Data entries

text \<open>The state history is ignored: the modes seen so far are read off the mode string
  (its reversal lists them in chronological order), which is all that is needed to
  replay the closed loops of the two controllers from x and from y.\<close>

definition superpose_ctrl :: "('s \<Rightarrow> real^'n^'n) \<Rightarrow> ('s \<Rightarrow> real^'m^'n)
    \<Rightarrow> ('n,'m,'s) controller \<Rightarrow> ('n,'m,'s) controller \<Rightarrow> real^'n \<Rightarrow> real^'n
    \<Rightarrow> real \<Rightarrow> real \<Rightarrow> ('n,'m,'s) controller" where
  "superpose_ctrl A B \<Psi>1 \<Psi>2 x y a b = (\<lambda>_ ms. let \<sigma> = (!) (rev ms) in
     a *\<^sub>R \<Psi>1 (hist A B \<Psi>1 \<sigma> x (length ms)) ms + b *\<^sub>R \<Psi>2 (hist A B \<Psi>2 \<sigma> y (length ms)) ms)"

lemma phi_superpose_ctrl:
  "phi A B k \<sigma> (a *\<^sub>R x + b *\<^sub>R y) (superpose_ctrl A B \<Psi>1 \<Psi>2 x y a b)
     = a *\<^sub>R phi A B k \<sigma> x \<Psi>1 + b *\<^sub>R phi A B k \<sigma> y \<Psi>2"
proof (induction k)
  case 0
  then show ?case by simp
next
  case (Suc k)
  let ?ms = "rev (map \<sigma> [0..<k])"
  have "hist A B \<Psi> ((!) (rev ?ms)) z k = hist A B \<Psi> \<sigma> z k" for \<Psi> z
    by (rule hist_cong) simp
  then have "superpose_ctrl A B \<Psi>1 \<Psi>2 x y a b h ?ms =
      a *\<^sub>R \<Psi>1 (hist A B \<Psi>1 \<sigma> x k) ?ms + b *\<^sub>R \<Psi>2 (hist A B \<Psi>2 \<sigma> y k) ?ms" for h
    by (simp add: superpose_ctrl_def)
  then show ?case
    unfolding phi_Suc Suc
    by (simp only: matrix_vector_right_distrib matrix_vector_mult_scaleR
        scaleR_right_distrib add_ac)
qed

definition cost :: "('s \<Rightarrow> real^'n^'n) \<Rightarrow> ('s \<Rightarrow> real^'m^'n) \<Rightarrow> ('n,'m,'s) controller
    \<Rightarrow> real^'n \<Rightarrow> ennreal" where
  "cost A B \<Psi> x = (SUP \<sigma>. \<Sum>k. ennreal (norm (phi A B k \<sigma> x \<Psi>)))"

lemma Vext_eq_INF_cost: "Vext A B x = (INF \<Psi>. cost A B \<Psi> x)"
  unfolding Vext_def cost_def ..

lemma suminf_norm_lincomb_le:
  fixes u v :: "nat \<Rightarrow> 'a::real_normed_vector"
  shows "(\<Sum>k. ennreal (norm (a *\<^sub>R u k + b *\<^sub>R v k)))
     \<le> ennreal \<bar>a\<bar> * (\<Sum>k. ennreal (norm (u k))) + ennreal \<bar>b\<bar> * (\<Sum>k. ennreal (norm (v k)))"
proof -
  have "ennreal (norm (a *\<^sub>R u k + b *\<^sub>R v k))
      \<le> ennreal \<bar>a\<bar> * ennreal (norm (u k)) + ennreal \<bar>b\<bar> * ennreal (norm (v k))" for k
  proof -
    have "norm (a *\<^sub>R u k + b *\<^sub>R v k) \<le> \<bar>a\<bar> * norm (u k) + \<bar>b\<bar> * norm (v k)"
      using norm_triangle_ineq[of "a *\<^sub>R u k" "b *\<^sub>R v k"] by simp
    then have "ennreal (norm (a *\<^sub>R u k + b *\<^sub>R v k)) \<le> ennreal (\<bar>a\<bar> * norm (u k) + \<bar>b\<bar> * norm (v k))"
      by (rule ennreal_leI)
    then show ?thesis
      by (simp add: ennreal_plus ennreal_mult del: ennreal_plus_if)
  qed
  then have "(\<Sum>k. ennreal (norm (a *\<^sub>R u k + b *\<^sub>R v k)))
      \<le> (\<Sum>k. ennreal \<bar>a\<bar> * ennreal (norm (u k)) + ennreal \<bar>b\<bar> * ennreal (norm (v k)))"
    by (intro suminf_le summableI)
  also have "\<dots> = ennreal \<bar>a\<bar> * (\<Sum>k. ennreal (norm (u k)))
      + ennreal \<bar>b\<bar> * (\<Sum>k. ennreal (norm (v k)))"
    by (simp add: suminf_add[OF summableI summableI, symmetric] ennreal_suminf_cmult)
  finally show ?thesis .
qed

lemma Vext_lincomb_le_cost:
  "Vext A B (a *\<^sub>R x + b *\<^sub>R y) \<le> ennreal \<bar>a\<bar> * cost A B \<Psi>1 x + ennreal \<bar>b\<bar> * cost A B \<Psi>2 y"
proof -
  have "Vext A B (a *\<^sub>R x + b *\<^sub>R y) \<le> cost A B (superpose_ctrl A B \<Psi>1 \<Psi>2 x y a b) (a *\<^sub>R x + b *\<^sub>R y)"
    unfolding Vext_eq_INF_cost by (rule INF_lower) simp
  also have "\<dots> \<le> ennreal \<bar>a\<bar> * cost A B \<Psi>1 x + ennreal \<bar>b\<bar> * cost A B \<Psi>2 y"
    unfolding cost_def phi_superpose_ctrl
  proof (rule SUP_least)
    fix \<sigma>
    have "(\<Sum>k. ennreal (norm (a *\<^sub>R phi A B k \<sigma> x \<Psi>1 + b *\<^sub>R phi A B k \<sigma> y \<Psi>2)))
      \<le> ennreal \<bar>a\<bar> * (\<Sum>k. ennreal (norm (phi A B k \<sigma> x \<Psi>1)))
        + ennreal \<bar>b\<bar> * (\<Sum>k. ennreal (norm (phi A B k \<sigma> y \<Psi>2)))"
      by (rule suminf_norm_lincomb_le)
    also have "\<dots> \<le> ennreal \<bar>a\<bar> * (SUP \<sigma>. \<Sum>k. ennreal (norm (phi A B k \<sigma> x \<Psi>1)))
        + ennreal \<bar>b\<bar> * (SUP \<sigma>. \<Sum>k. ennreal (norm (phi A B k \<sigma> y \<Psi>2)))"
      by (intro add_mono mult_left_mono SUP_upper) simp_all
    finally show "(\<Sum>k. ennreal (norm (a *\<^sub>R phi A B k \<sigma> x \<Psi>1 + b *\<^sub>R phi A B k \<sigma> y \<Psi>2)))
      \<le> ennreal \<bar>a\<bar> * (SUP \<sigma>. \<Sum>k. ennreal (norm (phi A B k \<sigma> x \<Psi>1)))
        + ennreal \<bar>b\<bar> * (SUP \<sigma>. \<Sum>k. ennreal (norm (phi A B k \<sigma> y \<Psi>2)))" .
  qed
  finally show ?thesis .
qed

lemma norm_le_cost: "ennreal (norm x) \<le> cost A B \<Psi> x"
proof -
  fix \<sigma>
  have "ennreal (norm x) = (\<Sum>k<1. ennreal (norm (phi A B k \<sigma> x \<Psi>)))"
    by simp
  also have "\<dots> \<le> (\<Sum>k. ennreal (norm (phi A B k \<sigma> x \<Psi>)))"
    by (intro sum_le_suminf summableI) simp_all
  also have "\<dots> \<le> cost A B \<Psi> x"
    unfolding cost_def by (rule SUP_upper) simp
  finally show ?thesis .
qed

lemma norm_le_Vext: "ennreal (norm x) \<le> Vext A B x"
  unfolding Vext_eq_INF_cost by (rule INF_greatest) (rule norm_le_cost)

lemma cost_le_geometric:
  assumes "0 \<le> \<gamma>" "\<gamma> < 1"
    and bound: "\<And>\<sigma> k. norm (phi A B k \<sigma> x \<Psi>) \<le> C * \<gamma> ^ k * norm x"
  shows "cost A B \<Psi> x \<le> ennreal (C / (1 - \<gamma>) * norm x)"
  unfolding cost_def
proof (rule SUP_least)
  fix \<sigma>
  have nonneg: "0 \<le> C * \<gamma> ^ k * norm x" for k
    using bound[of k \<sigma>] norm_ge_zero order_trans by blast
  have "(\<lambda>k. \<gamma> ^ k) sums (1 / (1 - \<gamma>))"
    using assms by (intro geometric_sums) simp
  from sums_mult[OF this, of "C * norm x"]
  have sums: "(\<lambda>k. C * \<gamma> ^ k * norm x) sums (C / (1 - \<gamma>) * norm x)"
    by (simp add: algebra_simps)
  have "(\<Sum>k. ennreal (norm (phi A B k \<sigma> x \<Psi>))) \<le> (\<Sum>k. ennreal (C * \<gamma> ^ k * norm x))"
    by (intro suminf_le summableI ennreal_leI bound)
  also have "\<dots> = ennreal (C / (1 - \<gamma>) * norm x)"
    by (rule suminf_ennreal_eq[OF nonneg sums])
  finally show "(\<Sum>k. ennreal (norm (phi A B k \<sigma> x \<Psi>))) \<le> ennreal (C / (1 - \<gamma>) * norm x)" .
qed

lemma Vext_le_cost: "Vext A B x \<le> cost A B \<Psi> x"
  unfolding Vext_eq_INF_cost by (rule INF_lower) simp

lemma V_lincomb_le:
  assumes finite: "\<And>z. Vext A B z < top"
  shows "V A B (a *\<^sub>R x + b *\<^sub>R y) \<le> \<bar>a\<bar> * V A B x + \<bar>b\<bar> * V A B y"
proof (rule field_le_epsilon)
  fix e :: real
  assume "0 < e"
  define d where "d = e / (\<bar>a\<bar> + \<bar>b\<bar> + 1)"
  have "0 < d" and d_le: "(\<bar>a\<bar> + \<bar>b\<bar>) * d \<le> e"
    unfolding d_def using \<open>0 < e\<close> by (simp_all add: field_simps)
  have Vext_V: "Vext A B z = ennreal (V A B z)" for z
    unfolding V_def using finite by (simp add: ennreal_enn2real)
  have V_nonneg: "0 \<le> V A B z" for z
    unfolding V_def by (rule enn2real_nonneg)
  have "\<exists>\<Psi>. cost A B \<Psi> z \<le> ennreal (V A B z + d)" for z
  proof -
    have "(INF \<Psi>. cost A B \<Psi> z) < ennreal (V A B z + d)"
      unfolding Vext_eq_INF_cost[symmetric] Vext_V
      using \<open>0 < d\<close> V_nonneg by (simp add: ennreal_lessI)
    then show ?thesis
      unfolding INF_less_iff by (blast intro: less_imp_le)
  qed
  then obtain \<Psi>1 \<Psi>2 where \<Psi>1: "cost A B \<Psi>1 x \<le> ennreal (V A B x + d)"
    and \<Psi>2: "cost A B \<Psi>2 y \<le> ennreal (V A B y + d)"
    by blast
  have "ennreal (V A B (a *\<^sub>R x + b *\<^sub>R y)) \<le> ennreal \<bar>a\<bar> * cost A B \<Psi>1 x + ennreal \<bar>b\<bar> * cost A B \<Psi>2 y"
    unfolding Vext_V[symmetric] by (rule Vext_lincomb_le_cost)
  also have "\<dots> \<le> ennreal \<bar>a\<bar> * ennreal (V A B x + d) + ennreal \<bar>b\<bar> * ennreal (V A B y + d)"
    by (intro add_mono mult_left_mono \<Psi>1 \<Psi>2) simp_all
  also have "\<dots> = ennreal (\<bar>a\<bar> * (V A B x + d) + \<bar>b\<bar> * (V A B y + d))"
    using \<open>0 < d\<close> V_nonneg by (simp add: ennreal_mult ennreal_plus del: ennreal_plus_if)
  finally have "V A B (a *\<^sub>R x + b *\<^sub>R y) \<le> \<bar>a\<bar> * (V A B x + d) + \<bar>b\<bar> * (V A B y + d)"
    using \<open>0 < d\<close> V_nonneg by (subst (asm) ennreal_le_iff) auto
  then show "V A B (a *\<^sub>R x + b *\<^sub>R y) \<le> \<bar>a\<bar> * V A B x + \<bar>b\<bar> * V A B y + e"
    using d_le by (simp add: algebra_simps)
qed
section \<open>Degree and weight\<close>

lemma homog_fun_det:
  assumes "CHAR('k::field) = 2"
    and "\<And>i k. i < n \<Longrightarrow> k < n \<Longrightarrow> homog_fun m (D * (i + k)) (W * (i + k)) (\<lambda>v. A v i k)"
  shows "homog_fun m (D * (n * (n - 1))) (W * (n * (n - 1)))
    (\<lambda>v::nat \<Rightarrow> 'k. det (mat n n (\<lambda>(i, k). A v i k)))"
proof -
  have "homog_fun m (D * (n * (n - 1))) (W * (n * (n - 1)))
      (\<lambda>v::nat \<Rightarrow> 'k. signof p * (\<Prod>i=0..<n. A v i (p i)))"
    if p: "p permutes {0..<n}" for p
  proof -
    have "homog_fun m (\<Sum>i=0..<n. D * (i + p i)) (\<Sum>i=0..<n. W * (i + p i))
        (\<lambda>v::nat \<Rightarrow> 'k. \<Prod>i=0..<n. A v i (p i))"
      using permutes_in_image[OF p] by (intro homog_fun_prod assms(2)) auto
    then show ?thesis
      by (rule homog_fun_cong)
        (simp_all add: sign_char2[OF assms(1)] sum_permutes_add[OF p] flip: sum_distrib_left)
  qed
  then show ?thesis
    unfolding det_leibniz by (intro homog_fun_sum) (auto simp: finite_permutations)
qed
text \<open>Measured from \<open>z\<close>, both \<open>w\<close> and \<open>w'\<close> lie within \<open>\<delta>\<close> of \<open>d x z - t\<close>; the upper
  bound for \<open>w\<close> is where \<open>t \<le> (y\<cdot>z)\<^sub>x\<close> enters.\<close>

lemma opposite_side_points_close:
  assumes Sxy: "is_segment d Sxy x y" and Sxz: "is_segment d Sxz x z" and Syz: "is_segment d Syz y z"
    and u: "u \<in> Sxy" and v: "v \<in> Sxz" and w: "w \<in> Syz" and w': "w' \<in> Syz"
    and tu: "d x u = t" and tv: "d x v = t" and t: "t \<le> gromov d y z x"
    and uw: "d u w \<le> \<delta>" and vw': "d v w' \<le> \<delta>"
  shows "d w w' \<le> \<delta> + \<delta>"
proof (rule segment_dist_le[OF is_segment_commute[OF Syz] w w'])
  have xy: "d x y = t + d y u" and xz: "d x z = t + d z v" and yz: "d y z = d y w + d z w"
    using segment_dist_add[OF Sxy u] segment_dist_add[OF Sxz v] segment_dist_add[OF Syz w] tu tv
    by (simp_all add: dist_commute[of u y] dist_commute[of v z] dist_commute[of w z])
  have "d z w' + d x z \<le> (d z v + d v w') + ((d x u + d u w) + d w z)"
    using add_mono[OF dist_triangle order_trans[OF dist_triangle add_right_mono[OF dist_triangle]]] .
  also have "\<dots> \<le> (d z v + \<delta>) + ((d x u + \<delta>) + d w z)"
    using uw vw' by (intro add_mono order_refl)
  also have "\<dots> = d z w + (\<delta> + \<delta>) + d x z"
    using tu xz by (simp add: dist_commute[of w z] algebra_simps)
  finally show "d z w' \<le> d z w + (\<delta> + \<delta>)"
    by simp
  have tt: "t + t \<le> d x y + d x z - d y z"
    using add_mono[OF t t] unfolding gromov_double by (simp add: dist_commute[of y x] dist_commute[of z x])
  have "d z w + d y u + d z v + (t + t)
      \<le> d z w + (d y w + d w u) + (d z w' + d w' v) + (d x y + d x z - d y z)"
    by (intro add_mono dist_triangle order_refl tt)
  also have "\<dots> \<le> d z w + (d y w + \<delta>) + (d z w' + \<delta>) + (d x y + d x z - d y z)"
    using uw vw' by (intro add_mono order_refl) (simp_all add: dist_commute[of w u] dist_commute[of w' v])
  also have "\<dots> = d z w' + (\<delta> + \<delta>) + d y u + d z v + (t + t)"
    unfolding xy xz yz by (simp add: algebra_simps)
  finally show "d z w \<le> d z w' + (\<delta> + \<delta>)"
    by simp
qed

Try it:
The answer is the run of lines above from the line containing "then obtain \<Psi>1" through the line containing "using \<open>0 < d\<close> V_nonneg by (simp add: ennreal_mult", copied exactly and alone.

Result below:
  then obtain \<Psi>1 \<Psi>2 where \<Psi>1: "cost A B \<Psi>1 x \<le> ennreal (V A B x + d)"
    and \<Psi>2: "cost A B \<Psi>2 y \<le> ennreal (V A B y + d)"
    by blast
  have "ennreal (V A B (a *\<^sub>R x + b *\<^sub>R y)) \<le> ennreal \<bar>a\<bar> * cost A B \<Psi>1 x + ennreal \<bar>b\<bar> * cost A B \<Psi>2 y"
    unfolding Vext_V[symmetric] by (rule Vext_lincomb_le_cost)
  also have "\<dots> \<le> ennreal \<bar>a\<bar> * ennreal (V A B x + d) + ennreal \<bar>b\<bar> * ennreal (V A B y + d)"
    by (intro add_mono mult_left_mono \<Psi>1 \<Psi>2) simp_all
  also have "\<dots> = ennreal (\<bar>a\<bar> * (V A B x + d) + \<bar>b\<bar> * (V A B y + d))"
    using \<open>0 < d\<close> V_nonneg by (simp add: ennreal_mult ennreal_plus del: ennreal_plus_if)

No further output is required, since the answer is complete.